Leslie Ungerleider

Leslie Ungerleider
Born 1946[1]
Alma mater B.A., Binghamton University, Ph.D. in experimental psychology, New York University, postdoctoral fellowship with Karl Pribram, Stanford University
Occupation experimental psychologist and neuroscientist
Employer Chief of the Laboratory of Brain and Cognition, National Institute of Mental Health
Organization National Academy of Sciences, American Academy of Arts and Sciences, Institute of Medicine of the National Academy of Sciences, Society of Experimental Psychologists
Known for Introducing the concepts of the dorsal and ventral streams
Awards Women in Neuroscience Lifetime Achievement Award, 2001; NIH Distinguished Investigator, 2008, William James Fellow Award, Association for Psychological Science, 2009, University of Louisville Grawemeyer Award for Psychology, 2012

Leslie G. Ungerleider (born 1946) is an experimental psychologist and neuroscientist, currently Chief of the Laboratory of Brain and Cognition at the National Institute of Mental Health. Ungerleider is known for introducing the concepts of the dorsal (where) and ventral (what) streams, two pathways of information processing in the brain that specialize in visuospatial processing and object recognition, respectively.

Ungerleider received a B.A. from Binghamton University and a Ph.D. in experimental psychology from New York University, and she completed a postdoctoral fellowship with Karl Pribram at Stanford University, where she began her work on higher-order perceptual mechanisms in the cortex of primates. In 1975 she moved to the National Institute of Mental Health, where she has remained since, initially joining Mortimer Mishkin in the Laboratory of Neuropsychology and establishing her own laboratory in 1995. In 2001, she was the recipient of the Women in Neuroscience Lifetime Achievement Award and in 2008 she became an NIH Distinguished Investigator.[2][3] L. Ungerleider and M. Mishkin won the 2012 University of Louisville Grawemeyer Award for Psychology.[4]
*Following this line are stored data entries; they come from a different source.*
(* Let $p \geqslant 3$ be a prime and $d \geqslant 1$ with $p^d \geqslant 7$, let $V$ be a $d$-dimensional vector space over $\mathbb{F}_p$ with basis $\mathbf{b}_1,\ldots,\mathbf{b}_d$, let $G = \mathrm{Sym}(V)$, and let $T \leqslant \mathrm{GL}(V)$ be the group of matrices diagonal with respect to this basis. Let $l_2 = d$ if $p \in \{3,5\}$ and $l_2 = d\,\Omega(p-1)$ otherwise. Then there exist subsets $Y_1,\ldots,Y_{l_2} \subseteq G$ such that \[ T > \bigcap_{x \in Y_1} T^x > \bigcap_{x \in Y_2} T^x > \cdots > \bigcap_{x \in Y_{l_2}} T^x = 1. \]
   Context: $\Omega(k)$ is the number of prime factors of $k$ counted with multiplicity. $\mathrm{GL}(V)$ is regarded as a subgroup of $\mathrm{Sym}(V)$; inclusions $>$ are strict. *)

theory Defs
  imports "HOL-Algebra.Bij" "HOL-Computational_Algebra.Primes"
begin

definition bigOmega :: "nat \<Rightarrow> nat" where
  "bigOmega k = size (prime_factorization k)"

text \<open>V = F_p^d, vectors as coordinate functions nat => nat (coordinates in {0..<p}
  for indices < d, zero elsewhere); b_i is the i-th standard basis vector.\<close>
definition vecsp :: "nat \<Rightarrow> nat \<Rightarrow> (nat \<Rightarrow> nat) set" where
  "vecsp p d = {v. (\<forall>i<d. v i < p) \<and> (\<forall>i\<ge>d. v i = 0)}"

abbreviation SymV :: "nat \<Rightarrow> nat \<Rightarrow> ((nat \<Rightarrow> nat) \<Rightarrow> (nat \<Rightarrow> nat)) monoid" where
  "SymV p d \<equiv> BijGroup (vecsp p d)"

definition diagT :: "nat \<Rightarrow> nat \<Rightarrow> ((nat \<Rightarrow> nat) \<Rightarrow> (nat \<Rightarrow> nat)) set" where
  "diagT p d = {(\<lambda>v\<in>vecsp p d. (\<lambda>i. (a i * v i) mod p)) | a. \<forall>i<d. 0 < a i \<and> a i < p}"

definition conjg :: "('a, 'b) monoid_scheme \<Rightarrow> 'a set \<Rightarrow> 'a \<Rightarrow> 'a set" where
  "conjg G H x = (\<lambda>h. inv\<^bsub>G\<^esub> x \<otimes>\<^bsub>G\<^esub> h \<otimes>\<^bsub>G\<^esub> x) ` H"

definition interconj :: "('a, 'b) monoid_scheme \<Rightarrow> 'a set \<Rightarrow> 'a set \<Rightarrow> 'a set" where
  "interconj G H Y = {g \<in> carrier G. \<forall>x\<in>Y. g \<in> conjg G H x}"

end

theory Submission
  imports Defs "HOL-Number_Theory.Number_Theory" "HOL-Combinatorics.Transposition"
begin

(* Identify T with the d-th power of the unit group of F_p. If x in Sym(V) acts by a
   permutation f of F_p on the c-th coordinate only, then diag(a) lies in T^x iff f carries
   multiplication by a_c to multiplication by some scalar. For every divisor e of p - 1
   (with p >= 7 if e = 2) some f makes this happen exactly when a_c^e = 1: the transposition
   (0 1) for e = 1, the transposition (1 -1) for e = 2, and multiplication by an element of
   order e on the e-th roots of unity for e >= 3.
   Refine p - 1 = E_0 > E_1 > ... > E_m = 1 along the prime factorisation of p - 1 (or take
   m = 1 when p is 3 or 5) and impose a_c^(E_(j+1)) = 1 for one pair (c, j) at a time. This
   gives d * m intersections of conjugates of T ending in the trivial group, each step strict
   because an element of order E_j is an E_j-th but not an E_(j+1)-th root of unity. *)

section \<open>Conjugation in groups of bijections\<close>

lemma mem_conjg_iff:
  fixes G (structure)
  assumes "group G" "H \<subseteq> carrier G" "x \<in> carrier G" "g \<in> carrier G"
  shows "g \<in> conjg G H x \<longleftrightarrow> (\<exists>h\<in>H. x \<otimes>\<^bsub>G\<^esub> g = h \<otimes>\<^bsub>G\<^esub> x)"
proof -
  interpret group G by fact
  have "g = inv x \<otimes> h \<otimes> x \<longleftrightarrow> x \<otimes> g = h \<otimes> x" if "h \<in> H" for h
  proof -
    have h: "h \<in> carrier G" using that assms(2) by blast
    have "g = inv x \<otimes> h \<otimes> x \<longleftrightarrow> g = inv x \<otimes> (h \<otimes> x)"
      using h assms(3) by (simp add: m_assoc)
    also have "\<dots> \<longleftrightarrow> x \<otimes> g = h \<otimes> x"
      using h assms(3,4) by (metis inv_solve_left m_closed)
    finally show ?thesis .
  qed
  then show ?thesis unfolding conjg_def by blast
qed

lemma conjg_one:
  fixes G (structure)
  assumes "group G" "H \<subseteq> carrier G"
  shows "conjg G H \<one>\<^bsub>G\<^esub> = H"
proof -
  interpret group G by fact
  have "inv \<one> \<otimes> h \<otimes> \<one> = h" if "h \<in> H" for h
    using that assms(2) by auto
  then show ?thesis unfolding conjg_def by simp
qed

lemma Bij_if_inj_on_finite:
  assumes "finite S" "f ` S \<subseteq> S" "inj_on f S" "f \<in> extensional S"
  shows "f \<in> Bij S"
proof -
  have "f ` S = S" using endo_inj_surj assms(1-3) .
  then show ?thesis using assms(3,4) by (simp add: Bij_def bij_betw_def)
qed

lemma BijGroup_mult_eq_iff:
  assumes "f \<in> Bij S" "g \<in> Bij S" "h \<in> Bij S" "k \<in> Bij S"
  shows "f \<otimes>\<^bsub>BijGroup S\<^esub> g = h \<otimes>\<^bsub>BijGroup S\<^esub> k \<longleftrightarrow> (\<forall>v\<in>S. f (g v) = h (k v))"
proof -
  have mult: "x \<otimes>\<^bsub>BijGroup S\<^esub> y = compose S x y" if "x \<in> Bij S" "y \<in> Bij S" for x y
    using that by (simp add: BijGroup_def)
  have "f \<otimes>\<^bsub>BijGroup S\<^esub> g = h \<otimes>\<^bsub>BijGroup S\<^esub> k \<longleftrightarrow> compose S f g = compose S h k"
    using assms by (simp only: mult)
  also have "\<dots> \<longleftrightarrow> (\<forall>v\<in>S. f (g v) = h (k v))"
  proof
    assume eq: "compose S f g = compose S h k"
    show "\<forall>v\<in>S. f (g v) = h (k v)"
    proof
      fix v assume "v \<in> S"
      then show "f (g v) = h (k v)" using fun_cong[OF eq, of v] by (simp add: compose_eq)
    qed
  next
    assume "\<forall>v\<in>S. f (g v) = h (k v)"
    then show "compose S f g = compose S h k" unfolding compose_def by (intro restrict_ext) blast
  qed
  finally show ?thesis .
qed

section \<open>Diagonal maps and coordinate permutations of F_p^d\<close>

definition diag_map :: "nat \<Rightarrow> nat \<Rightarrow> (nat \<Rightarrow> nat) \<Rightarrow> (nat \<Rightarrow> nat) \<Rightarrow> nat \<Rightarrow> nat" where
  "diag_map p d a = (\<lambda>v\<in>vecsp p d. \<lambda>i. a i * v i mod p)"

definition coord_perm :: "nat \<Rightarrow> nat \<Rightarrow> nat \<Rightarrow> (nat \<Rightarrow> nat) \<Rightarrow> (nat \<Rightarrow> nat) \<Rightarrow> nat \<Rightarrow> nat" where
  "coord_perm p d c f = (\<lambda>v\<in>vecsp p d. v(c := f (v c)))"

lemma diagT_eq: "diagT p d = {diag_map p d a | a. \<forall>i<d. 0 < a i \<and> a i < p}"
  unfolding diagT_def diag_map_def ..

lemma finite_vecsp: "finite (vecsp p d)"
proof -
  have "vecsp p d = {v. \<forall>i. (i \<in> {..<d} \<longrightarrow> v i \<in> {..<p}) \<and> (i \<notin> {..<d} \<longrightarrow> v i = 0)}"
    unfolding vecsp_def by (auto simp: not_less)
  then show ?thesis by (simp only:) (rule finite_set_of_finite_funs; simp)
qed

lemma single_in_vecsp: "i < d \<Longrightarrow> u < p \<Longrightarrow> (\<lambda>_. 0)(i := u) \<in> vecsp p d"
  unfolding vecsp_def by auto

lemma vecsp_coord_less: "v \<in> vecsp p d \<Longrightarrow> i < d \<Longrightarrow> v i < p"
  unfolding vecsp_def by auto

lemma vecsp_eqI:
  assumes "v \<in> vecsp p d" "w \<in> vecsp p d" "\<And>i. i < d \<Longrightarrow> v i = w i"
  shows "v = w"
proof
  show "v i = w i" for i
    using assms by (cases "i < d") (auto simp: vecsp_def)
qed

lemma diag_map_apply: "v \<in> vecsp p d \<Longrightarrow> diag_map p d a v = (\<lambda>i. a i * v i mod p)"
  unfolding diag_map_def by simp

lemma coord_perm_apply: "v \<in> vecsp p d \<Longrightarrow> coord_perm p d c f v = v(c := f (v c))"
  unfolding coord_perm_def by simp

lemma diag_map_in_vecsp: "0 < p \<Longrightarrow> v \<in> vecsp p d \<Longrightarrow> diag_map p d a v \<in> vecsp p d"
  by (auto simp: diag_map_apply vecsp_def)

lemma coord_perm_in_vecsp:
  "c < d \<Longrightarrow> (\<And>u. u < p \<Longrightarrow> f u < p) \<Longrightarrow> v \<in> vecsp p d \<Longrightarrow> coord_perm p d c f v \<in> vecsp p d"
  by (auto simp: coord_perm_apply vecsp_def)

lemma coprime_if_less_prime: "prime p \<Longrightarrow> 0 < a \<Longrightarrow> a < p \<Longrightarrow> coprime a (p::nat)"
  by (metis coprime_commute nat_dvd_not_less prime_imp_coprime_nat)

lemma diag_map_Bij:
  assumes p: "prime p" and a: "\<forall>i<d. 0 < a i \<and> a i < p"
  shows "diag_map p d a \<in> Bij (vecsp p d)"
proof (rule Bij_if_inj_on_finite[OF finite_vecsp])
  show "diag_map p d a ` vecsp p d \<subseteq> vecsp p d"
    using diag_map_in_vecsp[OF prime_gt_0_nat[OF p]] by blast
  show "inj_on (diag_map p d a) (vecsp p d)"
  proof (rule inj_onI, rule vecsp_eqI)
    fix v w i
    assume v: "v \<in> vecsp p d" and w: "w \<in> vecsp p d"
      and eq: "diag_map p d a v = diag_map p d a w" and i: "i < d"
    have "[a i * v i = a i * w i] (mod p)"
      using fun_cong[OF eq, of i] v w by (simp add: diag_map_apply cong_def)
    moreover have "coprime (a i) p"
      using a i p by (simp add: coprime_if_less_prime)
    ultimately have "[v i = w i] (mod p)" using cong_mult_lcancel_nat by blast
    then show "v i = w i" using v w i by (simp add: cong_def vecsp_coord_less)
  qed
qed (simp add: diag_map_def)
Ungerleider has been elected to the National Academy of Sciences (2000), the American Academy of Arts and Sciences (2000) the Institute of Medicine of the National Academy of Sciences (2001), and the Society of Experimental Psychologists. In 2009 she received the William James Fellow Award by the Association for Psychological Science in recognition of how her research 'advanced our understanding of brain function and its relevance to public health' and also for her mentorship of young researchers as an outstanding lecturer.[5]